lemma phi_coeff_powr_eq:
  fixes P :: "real poly" and g B t :: real
  assumes deg_P: "degree P < m" and "0 < B" and "0 < t"
  shows "phi m (\<lambda>k. coeff P (k - 1)) (\<lambda>k. 2 + g * real (k - 1)) B t
    = (B / t)\<^sup>2 * poly P ((B / t) powr g)"
proof -
  have "(t / B) powr (- (2 + g * real j)) = (B / t)\<^sup>2 * ((B / t) powr g) ^ j" for j
  proof -
    have "(t / B) powr (- (2 + g * real j)) = (B / t) powr (2 + g * real j)"
      using assms unfolding powr_minus by (simp add: powr_divide)
    also have "\<dots> = (B / t) powr 2 * (B / t) powr (g * real j)"
      by (simp add: powr_add)
    also have "(B / t) powr (g * real j) = ((B / t) powr g) powr (real j)"
      by (simp add: powr_powr)
    also have "\<dots> = ((B / t) powr g) ^ j"
      using assms by (intro powr_realpow) simp
    finally show ?thesis
      using assms by (simp add: powr_numeral)
  qed
  then have "phi m (\<lambda>k. coeff P (k - 1)) (\<lambda>k. 2 + g * real (k - 1)) B t
      = (B / t)\<^sup>2 * (\<Sum>j<m. coeff P j * ((B / t) powr g) ^ j)"
    unfolding phi_def by (simp add: sum.atLeast1_atMost_eq sum_distrib_left algebra_simps)
  also have "(\<Sum>j<m. coeff P j * ((B / t) powr g) ^ j) = poly P ((B / t) powr g)"
    unfolding poly_altdef using deg_P
    by (intro sum.mono_neutral_right) (auto simp: coeff_eq_0)
  finally show ?thesis .
qed

lemma err_term_poly_le:
  fixes P :: "real poly" and T B :: nat and \<epsilon> :: real
  defines "g \<equiv> 1 / (1 + ln (real T))"
  assumes deg_P: "degree P < m" and P_1: "poly P 1 = 1" and B_ge: "1 \<le> B" and B_le: "B \<le> T"
    and \<epsilon>_nonneg: "0 \<le> \<epsilon>"
    and P_small: "\<And>x. g / (2 * (real T + 1)) \<le> \<bar>x - 1\<bar> \<Longrightarrow> \<bar>x - 1\<bar> \<le> 2 \<Longrightarrow> \<bar>poly P x\<bar> \<le> \<epsilon>"
  shows "err_term m (\<lambda>k. coeff P (k - 1)) (\<lambda>k. 2 + g * real (k - 1)) B i
    \<le> (real B / real (Suc i))\<^sup>2 * \<epsilon>"
proof -
  define x where "x = (real B / real (Suc i)) powr g"
  have phi_eq: "phi m (\<lambda>k. coeff P (k - 1)) (\<lambda>k. 2 + g * real (k - 1)) (real B) (real (Suc i))
      = (real B / real (Suc i))\<^sup>2 * poly P x"
    unfolding x_def using deg_P B_ge by (intro phi_coeff_powr_eq) auto
  show ?thesis
  proof (cases "Suc i = B")
    case True
    then have "x = 1"
      by (simp add: x_def)
    then show ?thesis
      unfolding err_term_def phi_eq using True P_1 \<epsilon>_nonneg by simp
  next
    case False
    then have "\<bar>poly P x\<bar> \<le> \<epsilon>"
      unfolding x_def g_def
      using B_ge B_le by (intro P_small[unfolded g_def] nat_ratio_powr_distance_one) auto
    then show ?thesis
      unfolding err_term_def phi_eq using False by (simp add: abs_mult mult_left_mono)
  qed
qed

lemma err_term_poly_sum_le:
  fixes P :: "real poly" and T B :: nat and \<epsilon> :: real
  defines "g \<equiv> 1 / (1 + ln (real T))"
  assumes deg_P: "degree P < m" and P_1: "poly P 1 = 1" and B_ge: "1 \<le> B" and B_le: "B \<le> T"
    and \<epsilon>_nonneg: "0 \<le> \<epsilon>"
    and P_small: "\<And>x. g / (2 * (real T + 1)) \<le> \<bar>x - 1\<bar> \<Longrightarrow> \<bar>x - 1\<bar> \<le> 2 \<Longrightarrow> \<bar>poly P x\<bar> \<le> \<epsilon>"
  shows "summable (err_term m (\<lambda>k. coeff P (k - 1)) (\<lambda>k. 2 + g * real (k - 1)) B)"
    and "(\<Sum>i. err_term m (\<lambda>k. coeff P (k - 1)) (\<lambda>k. 2 + g * real (k - 1)) B i)
      \<le> 3 * \<epsilon> * (real T)\<^sup>2"
proof -
  let ?err = "err_term m (\<lambda>k. coeff P (k - 1)) (\<lambda>k. 2 + g * real (k - 1)) B"
  define c where "c = \<epsilon> * (real B)\<^sup>2"
  have bound_sums: "(\<lambda>i. c * (1 / (1 + real i)\<^sup>2)) sums (c * (pi\<^sup>2 / 6))"
    using inverse_squares_sums by (intro sums_mult) (simp add: add.commute)
  have err_le: "?err i \<le> c * (1 / (1 + real i)\<^sup>2)" for i
  proof -
    have "?err i \<le> (real B / real (Suc i))\<^sup>2 * \<epsilon>"
      unfolding g_def by (rule err_term_poly_le[OF deg_P P_1 B_ge B_le \<epsilon>_nonneg P_small[unfolded g_def]])
    also have "\<dots> = c * (1 / (1 + real i)\<^sup>2)"
      by (simp add: c_def power_divide)
    finally show ?thesis .
  qed
  have err_nonneg: "0 \<le> ?err i" for i
    by (simp add: err_term_def)
  show summable: "summable ?err"
    by (rule summable_comparison_test[OF _ sums_summable[OF bound_sums]])
      (use err_le err_nonneg in auto)
  have "(\<Sum>i. ?err i) \<le> (\<Sum>i. c * (1 / (1 + real i)\<^sup>2))"
    by (rule suminf_le[OF err_le summable sums_summable[OF bound_sums]])
  also have "\<dots> = c * (pi\<^sup>2 / 6)"
    by (rule sums_unique[OF bound_sums, symmetric])
  also have "\<dots> \<le> \<epsilon> * (real T)\<^sup>2 * 3"
    unfolding c_def
  proof (intro mult_mono mult_left_mono)
    show "(real B)\<^sup>2 \<le> (real T)\<^sup>2"
      using B_le by (intro power_mono) auto
    have "pi\<^sup>2 \<le> 4\<^sup>2"
      using pi_less_4 by (intro power_mono) auto
    then show "pi\<^sup>2 / 6 \<le> 3"
      by simp
  qed (use \<epsilon>_nonneg in auto)
  finally show "(\<Sum>i. ?err i) \<le> 3 * \<epsilon> * (real T)\<^sup>2"
    by (simp add: mult_ac)
qed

□ □ □ □ □

** WHAT YOU ARE ASKED TO DO **
The expected answer is every line in the data above that carries the string "lemma".

** ANSWER AREA **
lemma phi_coeff_powr_eq:
lemma err_term_poly_le:
lemma err_term_poly_sum_le:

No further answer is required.